- _Records for processing_
lemma prod_exp_div_sqrt:
  fixes R :: real
  assumes R: "R > 0"
  shows "(\<Prod>j<d. exp (l*(a j)\<^sup>2/R) / sqrt R) = exp (l * (\<Sum>j<d. (a j)\<^sup>2) / R - real d / 2 * ln R)"
proof -
  have "sqrt R = exp (ln R / 2)"
    using R by (simp add: powr_half_sqrt[symmetric] powr_def)
  then have "(\<Prod>j<d. exp (l*(a j)\<^sup>2/R) / sqrt R) = exp (\<Sum>j<d. l*(a j)\<^sup>2/R - ln R / 2)"
    by (simp add: exp_sum exp_diff)
  also have "(\<Sum>j<d. l*(a j)\<^sup>2/R - ln R / 2) = l * (\<Sum>j<d. (a j)\<^sup>2) / R - real d / 2 * ln R"
    by (simp add: sum_subtractf sum_divide_distrib sum_distrib_left)
  finally show ?thesis .
qed

lemma nn_integral_noise_space_exp_dist:
  fixes a :: "nat \<Rightarrow> real"
  assumes \<sigma>: "\<sigma> \<ge> 0" and l: "4*l*\<sigma>\<^sup>2 < 1" and i: "i < n"
  shows "(\<integral>\<^sup>+\<omega>. ennreal (exp (l * (\<Sum>j<d. (a j + \<omega> (n,j) - \<omega> (i,j))\<^sup>2))) \<partial>noise_space n d \<sigma>) =
     ennreal (exp (l * (\<Sum>j<d. (a j)\<^sup>2) / (1-4*l*\<sigma>\<^sup>2) - real d / 2 * ln (1-4*l*\<sigma>\<^sup>2)))"
proof -
  have "(\<integral>\<^sup>+\<omega>. ennreal (exp (l * (\<Sum>j<d. (a j + \<omega> (n,j) - \<omega> (i,j))\<^sup>2))) \<partial>noise_space n d \<sigma>)
      = (\<integral>\<^sup>+\<omega>. (\<Prod>j<d. ennreal (exp (l * (a j + \<omega> (n,j) - \<omega> (i,j))\<^sup>2))) \<partial>noise_space n d \<sigma>)"
    by (simp add: sum_distrib_left exp_sum prod_ennreal)
  also have "\<dots> = (\<Prod>j<d. \<integral>\<^sup>+x. \<integral>\<^sup>+y. ennreal (exp (l * (a j + y - x)\<^sup>2)) \<partial>gauss \<sigma> \<partial>gauss \<sigma>)"
    unfolding noise_space_def using prob_space_gauss[OF \<sigma>] i
    by (intro nn_integral_PiM_prod_pairs) auto
  also have "\<dots> = (\<Prod>j<d. ennreal (exp (l*(a j)\<^sup>2/(1-4*l*\<sigma>\<^sup>2)) / sqrt (1-4*l*\<sigma>\<^sup>2)))"
    by (simp add: nn_integral_gauss_diff_exp_square[OF \<sigma> l])
  also have "\<dots> = ennreal (\<Prod>j<d. exp (l*(a j)\<^sup>2/(1-4*l*\<sigma>\<^sup>2)) / sqrt (1-4*l*\<sigma>\<^sup>2))"
    using l by (intro prod_ennreal) simp
  finally show ?thesis
    using l by (simp add: prod_exp_div_sqrt)
qed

- _Task directions_
Write the material out again in full, leaving no line out.

- _Your response_
lemma prod_exp_div_sqrt:
  fixes R :: real
  assumes R: "R > 0"
  shows "(\<Prod>j<d. exp (l*(a j)\<^sup>2/R) / sqrt R) = exp (l * (\<Sum>j<d. (a j)\<^sup>2) / R - real d / 2 * ln R)"
proof -
  have "sqrt R = exp (ln R / 2)"
    using R by (simp add: powr_half_sqrt[symmetric] powr_def)
  then have "(\<Prod>j<d. exp (l*(a j)\<^sup>2/R) / sqrt R) = exp (\<Sum>j<d. l*(a j)\<^sup>2/R - ln R / 2)"
    by (simp add: exp_sum exp_diff)
  also have "(\<Sum>j<d. l*(a j)\<^sup>2/R - ln R / 2) = l * (\<Sum>j<d. (a j)\<^sup>2) / R - real d / 2 * ln R"
    by (simp add: sum_subtractf sum_divide_distrib sum_distrib_left)
  finally show ?thesis .
qed

lemma nn_integral_noise_space_exp_dist:
  fixes a :: "nat \<Rightarrow> real"
  assumes \<sigma>: "\<sigma> \<ge> 0" and l: "4*l*\<sigma>\<^sup>2 < 1" and i: "i < n"
  shows "(\<integral>\<^sup>+\<omega>. ennreal (exp (l * (\<Sum>j<d. (a j + \<omega> (n,j) - \<omega> (i,j))\<^sup>2))) \<partial>noise_space n d \<sigma>) =
     ennreal (exp (l * (\<Sum>j<d. (a j)\<^sup>2) / (1-4*l*\<sigma>\<^sup>2) - real d / 2 * ln (1-4*l*\<sigma>\<^sup>2)))"
proof -
  have "(\<integral>\<^sup>+\<omega>. ennreal (exp (l * (\<Sum>j<d. (a j + \<omega> (n,j) - \<omega> (i,j))\<^sup>2))) \<partial>noise_space n d \<sigma>)
      = (\<integral>\<^sup>+\<omega>. (\<Prod>j<d. ennreal (exp (l * (a j + \<omega> (n,j) - \<omega> (i,j))\<^sup>2))) \<partial>noise_space n d \<sigma>)"
    by (simp add: sum_distrib_left exp_sum prod_ennreal)
  also have "\<dots> = (\<Prod>j<d. \<integral>\<^sup>+x. \<integral>\<^sup>+y. ennreal (exp (l * (a j + y - x)\<^sup>2)) \<partial>gauss \<sigma> \<partial>gauss \<sigma>)"
    unfolding noise_space_def using prob_space_gauss[OF \<sigma>] i
    by (intro nn_integral_PiM_prod_pairs) auto
  also have "\<dots> = (\<Prod>j<d. ennreal (exp (l*(a j)\<^sup>2/(1-4*l*\<sigma>\<^sup>2)) / sqrt (1-4*l*\<sigma>\<^sup>2)))"
    by (simp add: nn_integral_gauss_diff_exp_square[OF \<sigma> l])
  also have "\<dots> = ennreal (\<Prod>j<d. exp (l*(a j)\<^sup>2/(1-4*l*\<sigma>\<^sup>2)) / sqrt (1-4*l*\<sigma>\<^sup>2))"
    using l by (intro prod_ennreal) simp
  finally show ?thesis
    using l by (simp add: prod_exp_div_sqrt)
qed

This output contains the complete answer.